For screening purposes, Pendegraft has alleged the existence of an objectively serious
medical condition. A serious condition is “one that has been diagnosed by a physician as
mandating treatment or one that is so obvious that even a lay person would easily recognize the
necessity for a doctor’s attention.” Wynn v.
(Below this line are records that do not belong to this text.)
lemma rk3_step_affine:
  fixes \<alpha> \<beta> \<gamma> \<delta> h x w t :: real
  defines "k \<equiv> (\<alpha> - \<gamma>^2 / 2) * h + \<gamma> * w"
    and "e \<equiv> (\<beta> - \<gamma> * \<delta> / 2) * h + \<delta> * w"
    \<comment> \<open>\<open>k * x + e\<close> is the increment \<open>F x * h + g x * w\<close> of every stage\<close>
  shows "rk3_step (\<lambda>y. \<alpha> * y + \<beta>) (\<lambda>y. \<gamma> * y + \<delta>) h x w t
    = x * rk3_stability k + (1 + k / 2 + k^2 / 6) * e + (\<alpha> * \<delta> - \<gamma> * \<beta>) * h * t / (2 * sqrt 3)"
  unfolding rk3_step_def Let_def deriv_affine deriv_const rk3_stability_def k_def e_def
  by (simp add: field_simps power2_eq_square power3_eq_cube)

lemma measurable_rk3_step_affine:
  "(\<lambda>(x, w, t). rk3_step (\<lambda>y. \<alpha> * y + \<beta>) (\<lambda>y. \<gamma> * y + \<delta>) h x w t) \<in> borel_measurable borel"
  unfolding rk3_step_affine rk3_stability_def borel_prod[symmetric] by measurable

lemma
  fixes \<sigma> :: real
  assumes "prob_space M" "\<sigma> > 0" "distributed M lborel Z (normal_density 0 \<sigma>)"
  shows integrable_normal_cubic: "integrable M (\<lambda>\<omega>. a + b * Z \<omega> + c * Z \<omega>^2 + d * Z \<omega>^3)"
    and integral_normal_cubic: "(\<integral>\<omega>. a + b * Z \<omega> + c * Z \<omega>^2 + d * Z \<omega>^3 \<partial>M) = a + c * \<sigma>^2"
proof -
  interpret prob_space M by fact
  have int: "integrable M (\<lambda>\<omega>. Z \<omega> ^ k)" for k
    using distributed_integrable[OF assms(3), of "\<lambda>x. x ^ k"]
      integrable_normal_moment[OF assms(2), of 0 k] by simp
  have moment: "(\<integral>\<omega>. Z \<omega> ^ k \<partial>M) = (\<integral>x. normal_density 0 \<sigma> x * x ^ k \<partial>lborel)" for k
    using distributed_integral[OF assms(3), of "\<lambda>x. x ^ k"] by simp
  have "(\<integral>\<omega>. Z \<omega> \<partial>M) = 0"
    using moment[of 1] integral_normal_moment_odd[OF assms(2), of 0 0] by simp
  moreover have "(\<integral>\<omega>. Z \<omega> ^ 2 \<partial>M) = \<sigma>^2"
    using moment[of 2] integral_normal_moment_even[OF assms(2), of 0 1] by (simp add: numeral_eq_Suc)
  moreover have "(\<integral>\<omega>. Z \<omega> ^ 3 \<partial>M) = 0"
    using moment[of 3] integral_normal_moment_odd[OF assms(2), of 0 1] by (simp add: numeral_eq_Suc)
  ultimately show "(\<integral>\<omega>. a + b * Z \<omega> + c * Z \<omega>^2 + d * Z \<omega>^3 \<partial>M) = a + c * \<sigma>^2"
    using int[of 1] int by (simp add: prob_space)
  show "integrable M (\<lambda>\<omega>. a + b * Z \<omega> + c * Z \<omega>^2 + d * Z \<omega>^3)"
    using int[of 1] int by simp
qed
Southward, 251 F.3d 588, 593 (7th Cir. 2001).
Factors that indicate a serious condition include “the existence of an injury that a reasonable
doctor or patient would find important and worthy of comment or treatment; the presence of a
medical condition that significantly affects an individual’s daily activities; or the existence of
chronic and substantial pain.” Gutierrez v. Peters, 111 F.3d 1364, 1373 (7th Cir. 1997). Here,
Pendegraft’s wound and infection-related problems qualify as serious for screening purposes.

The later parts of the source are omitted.